text \<open>Column \<open>i\<close> may be traded for any \<open>u\<close> with \<open>g u = \<Sum>b w b L\<^sub>b\<close> and \<open>w i\<close> a nonzero constant,
  because \<open>L\<^sub>i\<close> is then a rational combination of \<open>u\<close> and the other columns.\<close>
lemma factorizes_replace_column:
  fixes L Y :: "nat \<Rightarrow> nat \<Rightarrow> 'a::field poly"
  assumes fact: "factorizes m n r P q L Y" and i: "i < r" and w: "w i = [:c:]" and c: "c \<noteq> 0"
    and u: "\<forall>a<m. g * u a = (\<Sum>b<r. w b * L a b)"
  shows "factorizes m n r P q (\<lambda>a b. if b = i then u a else L a b)
    (\<lambda>b j. if b = i then smult (1 / c) (g * Y i j) else Y b j - smult (1 / c) (w b * Y i j))"
  unfolding factorizes_def
proof (intro allI impI)
  fix a j assume a: "a < m" and j: "j < n"
  let ?R = "{..<r} - {i}"
  have split: "(\<Sum>b<r. F b) = F i + (\<Sum>b\<in>?R. F b)" for F :: "nat \<Rightarrow> 'a poly"
    using i by (simp add: sum.remove)
  have "u a * smult (1 / c) (g * Y i j) = smult (1 / c) (Y i j * (g * u a))"
    by (simp add: algebra_simps)
  also have "\<dots> = L a i * Y i j + smult (1 / c) (Y i j * (\<Sum>b\<in>?R. w b * L a b))"
  proof -
    have "g * u a = smult c (L a i) + (\<Sum>b\<in>?R. w b * L a b)"
      using u a w by (simp add: split[of "\<lambda>b. w b * L a b"])
    then show ?thesis
      using c by (simp add: algebra_simps smult_add_right)
  qed
  finally have "u a * smult (1 / c) (g * Y i j) + (\<Sum>b\<in>?R. L a b * (Y b j - smult (1 / c) (w b * Y i j)))
      = L a i * Y i j + (\<Sum>b\<in>?R. L a b * Y b j)"
    by (simp add: algebra_simps sum_subtractf sum_distrib_left smult_sum_right)
  also have "\<dots> = q * P a j"
    using fact a j by (simp add: factorizes_def split[of "\<lambda>b. L a b * Y b j"])
  finally show "q * P a j = (\<Sum>b<r. (if b = i then u a else L a b) *
      (if b = i then smult (1 / c) (g * Y i j) else Y b j - smult (1 / c) (w b * Y i j)))"
    by (simp add: split)
qed

lemma minimal_left_factor_no_degree_drop:
  fixes L :: "nat \<Rightarrow> nat \<Rightarrow> 'a::field poly"
  assumes min: "minimal_left_factor m n r P L" and i: "i < r" and L_i: "\<exists>a<m. L a i \<noteq> 0"
    and w: "w i = [:c:]" "c \<noteq> 0" and u: "\<forall>a<m. g * u a = (\<Sum>b<r. w b * L a b)"
    and drop: "\<forall>a<m. u a = 0 \<or> degree (u a) < col_degree m (\<lambda>a. L a i)"
  shows False
proof -
  define L' where "L' a b = (if b = i then u a else L a b)" for a b
  obtain q Y where "q \<noteq> 0" "factorizes m n r P q L Y"
    using min by (auto simp: minimal_left_factor_def)
  then have "(\<Sum>b<r. col_size m (\<lambda>a. L a b)) \<le> (\<Sum>b<r. col_size m (\<lambda>a. L' a b))"
    using min factorizes_replace_column[OF _ i w u] unfolding L'_def minimal_left_factor_def by blast
  moreover have "(\<Sum>b<r. col_size m (\<lambda>a. L' a b)) < (\<Sum>b<r. col_size m (\<lambda>a. L a b))"
  proof -
    have L'_col: "(\<lambda>a. L' a b) = (if b = i then u else (\<lambda>a. L a b))" for b
      by (auto simp: L'_def)
    show ?thesis
      using i col_size_less[OF L_i drop] by (intro sum_strict_mono_ex1) (auto simp: L'_col)
  qed
  ultimately show False by simp
qed

text \<open>A dependency among the columns at \<open>z\<close>, divided by \<open>\<lambda> - z\<close>, would replace the column of
  largest degree occurring in it by one of smaller degree.\<close>
lemma minimal_left_factor_independent_at:
  fixes L :: "nat \<Rightarrow> nat \<Rightarrow> 'a::field poly"
  assumes min: "minimal_left_factor m n r P L"
    and support: "\<forall>b<r. y b \<noteq> 0 \<longrightarrow> (\<exists>a<m. L a b \<noteq> 0)"
    and vanish: "\<forall>a<m. (\<Sum>b<r. y b * poly (L a b) z) = 0"
  shows "\<forall>b<r. y b = 0"
proof (rule ccontr)
  assume "\<not> (\<forall>b<r. y b = 0)"
  then obtain i where i: "i < r" "y i \<noteq> 0"
    and max: "\<And>b. b < r \<Longrightarrow> y b \<noteq> 0 \<Longrightarrow> col_degree m (\<lambda>a. L a b) \<le> col_degree m (\<lambda>a. L a i)"
    using exists_max_on_support[of r y "\<lambda>b. col_degree m (\<lambda>a. L a b)"] by blast
  define s where "s a = (\<Sum>b<r. [:y b:] * L a b)" for a
  define u where "u a = s a div [:- z, 1:]" for a
  have s_u: "[:- z, 1:] * u a = s a" if "a < m" for a
  proof -
    have "poly (s a) z = 0"
      using vanish that by (simp add: s_def poly_sum mult.commute)
    then have "[:- z, 1:] dvd s a"
      by (simp add: poly_eq_0_iff_dvd)
    then show ?thesis
      unfolding u_def by (rule dvd_mult_div_cancel)
  qed
  have "u a = 0 \<or> degree (u a) < col_degree m (\<lambda>a. L a i)" if a: "a < m" for a
  proof -
    have "degree ([:y b:] * L a b) \<le> col_degree m (\<lambda>a. L a i)" if "b < r" for b
      using max[OF that] degree_le_col_degree[OF a, of "\<lambda>a. L a b"] by (cases "y b = 0") auto
    then have deg_s: "degree (s a) \<le> col_degree m (\<lambda>a. L a i)"
      unfolding s_def by (intro degree_sum_le) auto
    show ?thesis
    proof (cases "u a = 0")
      case False
      then have "degree (s a) = Suc (degree (u a))"
        using s_u[OF a] degree_mult_eq[of "[:- z, 1:]" "u a"] by simp
      then show ?thesis using deg_s by simp
    qed simp
  qed
  then show False
    using minimal_left_factor_no_degree_drop[OF min i(1) _ _ i(2),
        where w = "\<lambda>b. [:y b:]" and g = "[:- z, 1:]" and u = u] support i s_u
    unfolding s_def by blast
qed

text \<open>Likewise for a dependency among the top coefficients, after shifting all columns occurring in
  it to the largest degree.\<close>
lemma minimal_left_factor_column_reduced:
  fixes L :: "nat \<Rightarrow> nat \<Rightarrow> 'a::field poly"
  assumes min: "minimal_left_factor m n r P L"
    and support: "\<forall>b<r. y b \<noteq> 0 \<longrightarrow> (\<exists>a<m. L a b \<noteq> 0)"
    and cancel: "\<forall>a<m. (\<Sum>b<r. y b * coeff (L a b) (col_degree m (\<lambda>a. L a b))) = 0"
  shows "\<forall>b<r. y b = 0"
proof (rule ccontr)
  assume "\<not> (\<forall>b<r. y b = 0)"
  then obtain i where i: "i < r" "y i \<noteq> 0"
    and max: "\<And>b. b < r \<Longrightarrow> y b \<noteq> 0 \<Longrightarrow> col_degree m (\<lambda>a. L a b) \<le> col_degree m (\<lambda>a. L a i)"
    using exists_max_on_support[of r y "\<lambda>b. col_degree m (\<lambda>a. L a b)"] by blast
  define D where "D = col_degree m (\<lambda>a. L a i)"
  define w where "w b = monom (y b) (D - col_degree m (\<lambda>a. L a b))" for b
  define u where "u a = (\<Sum>b<r. w b * L a b)" for a
  have "u a = 0 \<or> degree (u a) < D" if a: "a < m" for a
  proof -
    have summand: "degree (w b * L a b) \<le> D \<and>
        coeff (w b * L a b) D = y b * coeff (L a b) (col_degree m (\<lambda>a. L a b))" if "b < r" for b
    proof (cases "y b = 0")
      case False
      then have le: "col_degree m (\<lambda>a. L a b) \<le> D"
        using max[OF that] by (simp add: D_def)
      have "degree (w b * L a b) \<le> degree (w b) + degree (L a b)"
        by (rule degree_mult_le)
      also have "\<dots> \<le> (D - col_degree m (\<lambda>a. L a b)) + col_degree m (\<lambda>a. L a b)"
        using degree_le_col_degree[OF a] by (intro add_mono) (auto simp: w_def degree_monom_le)
      finally show ?thesis
        using le by (simp add: w_def coeff_monom_mult)
    qed (simp add: w_def)
    then have "degree (u a) \<le> D"
      unfolding u_def by (intro degree_sum_le) auto
    moreover have "coeff (u a) D = 0"
      unfolding u_def coeff_sum using summand cancel a by simp
    ultimately show ?thesis
      by (metis le_neq_implies_less leading_coeff_0_iff)
  qed
  then show False
    using minimal_left_factor_no_degree_drop[OF min i(1) _ _ i(2), where w = w and g = 1 and u = u]
      support i by (simp add: u_def w_def D_def monom_0)
qed

lemma factorizes_restrict_support:
  assumes "factorizes m n r P q L Y"
  shows "factorizes m n r P q L (\<lambda>b j. if \<forall>a<m. L a b = 0 then 0 else Y b j)"
  using assms unfolding factorizes_def by (auto intro!: sum.cong)

lemma factorizes_divide_root:
  fixes Y :: "nat \<Rightarrow> nat \<Rightarrow> 'a::field poly"
  assumes fact: "factorizes m n r P q L Y" and q: "poly q z = 0"
    and Y: "\<forall>b<r. \<forall>j<n. poly (Y b j) z = 0"
  shows "factorizes m n r P (q div [:- z, 1:]) L (\<lambda>b j. Y b j div [:- z, 1:])"
  unfolding factorizes_def
proof (intro allI impI)
  fix a j assume a: "a < m" and j: "j < n"
  have div: "[:- z, 1:] * (p div [:- z, 1:]) = p" if "poly p z = 0" for p :: "'a poly"
    using that by (subst dvd_mult_div_cancel) (simp_all add: poly_eq_0_iff_dvd)
  have "[:- z, 1:] * ((q div [:- z, 1:]) * P a j) = q * P a j"
    using div[OF q] by (simp add: mult.assoc[symmetric])
  also have "\<dots> = (\<Sum>b<r. L a b * Y b j)"
    using fact a j by (simp add: factorizes_def)
  also have "\<dots> = [:- z, 1:] * (\<Sum>b<r. L a b * (Y b j div [:- z, 1:]))"
    using div Y j by (simp add: sum_distrib_left mult.left_commute)
  finally show "q div [:- z, 1:] * P a j = (\<Sum>b<r. L a b * (Y b j div [:- z, 1:]))"
    by (simp only: mult_cancel_left pCons_eq_0_iff one_neq_zero simp_thms)
qed

text \<open>At a root \<open>z\<close> of \<open>q\<close> the columns of \<open>L\<close> are independent, so the entries of \<open>Y\<close> that
  matter vanish at \<open>z\<close> too and the factor \<open>\<lambda> - z\<close> cancels.\<close>
lemma minimal_left_factor_divide_root:
  fixes L :: "nat \<Rightarrow> nat \<Rightarrow> 'a::field poly"
  assumes min: "minimal_left_factor m n r P L" and fact: "factorizes m n r P q L Y"
    and z: "poly q z = 0"
  shows "\<exists>Y'. factorizes m n r P (q div [:- z, 1:]) L Y'"
proof -
  define Y' where "Y' = (\<lambda>b j. if \<forall>a<m. L a b = 0 then 0 else Y b j)"
  have fact': "factorizes m n r P q L Y'"
    using factorizes_restrict_support[OF fact] by (simp add: Y'_def)
  have "\<forall>b<r. poly (Y' b j) z = 0" if j: "j < n" for j
  proof -
    have "\<forall>b<r. poly (Y' b j) z \<noteq> 0 \<longrightarrow> (\<exists>a<m. L a b \<noteq> 0)"
      by (auto simp: Y'_def)
    moreover have "\<forall>a<m. (\<Sum>b<r. poly (Y' b j) z * poly (L a b) z) = 0"
    proof (intro allI impI)
      fix a assume "a < m"
      then have "poly (\<Sum>b<r. L a b * Y' b j) z = poly (q * P a j) z"
        using fact' j by (simp add: factorizes_def)
      then show "(\<Sum>b<r. poly (Y' b j) z * poly (L a b) z) = 0"
        using z by (simp add: poly_sum mult.commute)
    qed
    ultimately show ?thesis
      by (rule minimal_left_factor_independent_at[OF min])
  qed
  then show ?thesis
    using factorizes_divide_root[OF fact' z] by blast
qed

lemma minimal_left_factor_exact:
  fixes P L :: "nat \<Rightarrow> nat \<Rightarrow> complex poly"
  assumes min: "minimal_left_factor m n r P L"
  shows "\<exists>X. factorizes m n r P 1 L X"
proof -
  have "\<exists>X. factorizes m n r P 1 L X" if "q \<noteq> 0" "factorizes m n r P q L Y" for q Y
    using that
  proof (induction "degree q" arbitrary: q Y rule: less_induct)
    case less
    show ?case
    proof (cases "degree q = 0")
      case True
      then obtain c where c: "q = [:c:]"
        by (rule degree_eq_zeroE)
      then have "c \<noteq> 0"
        using less.prems(1) by simp
      have "(\<Sum>b<r. L a b * Y b j) = smult c (P a j)" if "a < m" "j < n" for a j
        using less.prems(2) c that by (simp add: factorizes_def)
      then have "factorizes m n r P 1 L (\<lambda>b j. smult (1 / c) (Y b j))"
        using \<open>c \<noteq> 0\<close> by (simp add: factorizes_def smult_sum_right[symmetric])
      then show ?thesis by blast
    next
      case False
      then obtain z where z: "poly q z = 0"
        using fundamental_theorem_of_algebra[of q] constant_degree[of q] by auto
      then obtain Y' where fact: "factorizes m n r P (q div [:- z, 1:]) L Y'"
        using minimal_left_factor_divide_root[OF min less.prems(2)] by blast
      have q_eq: "q = [:- z, 1:] * (q div [:- z, 1:])"
        using z by (metis dvd_mult_div_cancel poly_eq_0_iff_dvd)
      then have nz: "q div [:- z, 1:] \<noteq> 0"
        using less.prems(1) by (metis mult_zero_right)
      then have "degree ([:- z, 1:] * (q div [:- z, 1:])) = Suc (degree (q div [:- z, 1:]))"
        by (subst degree_mult_eq) simp_all
      then have "degree (q div [:- z, 1:]) < degree q"
        by (metis q_eq lessI)
      then show ?thesis
        using less.hyps[OF _ nz fact] by simp
    qed
  qed
  then show ?thesis
    using min by (auto simp: minimal_left_factor_def)
qed

lemma coeff_mult_at_degree_bounds:
  fixes p q :: "'a::comm_semiring_1 poly"
  assumes p: "degree p \<le> i" and q: "degree q \<le> k"
  shows "coeff (p * q) (i + k) = coeff p i * coeff q k"
proof (cases "degree p = i \<and> degree q = k")
  case True
  then show ?thesis using coeff_mult_degree_sum[of p q] by simp
next
  case False
  then have "degree p < i \<or> degree q < k" using p q by auto
  moreover have "degree (p * q) < i + k"
    using degree_mult_le[of p q] p q calculation by linarith
  ultimately show ?thesis by (auto simp: coeff_eq_0)
qed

§ **TASK DESCRIPTION**
Search the material above for the word "intro", then copy each line that holds it.

§ **RESPONSE**
proof (intro allI impI)
      using i col_size_less[OF L_i drop] by (intro sum_strict_mono_ex1) (auto simp: L'_col)
      unfolding s_def by (intro degree_sum_le) auto
        using degree_le_col_degree[OF a] by (intro add_mono) (auto simp: w_def degree_monom_le)
      unfolding u_def by (intro degree_sum_le) auto
  using assms unfolding factorizes_def by (auto intro!: sum.cong)
proof (intro allI impI)
    proof (intro allI impI)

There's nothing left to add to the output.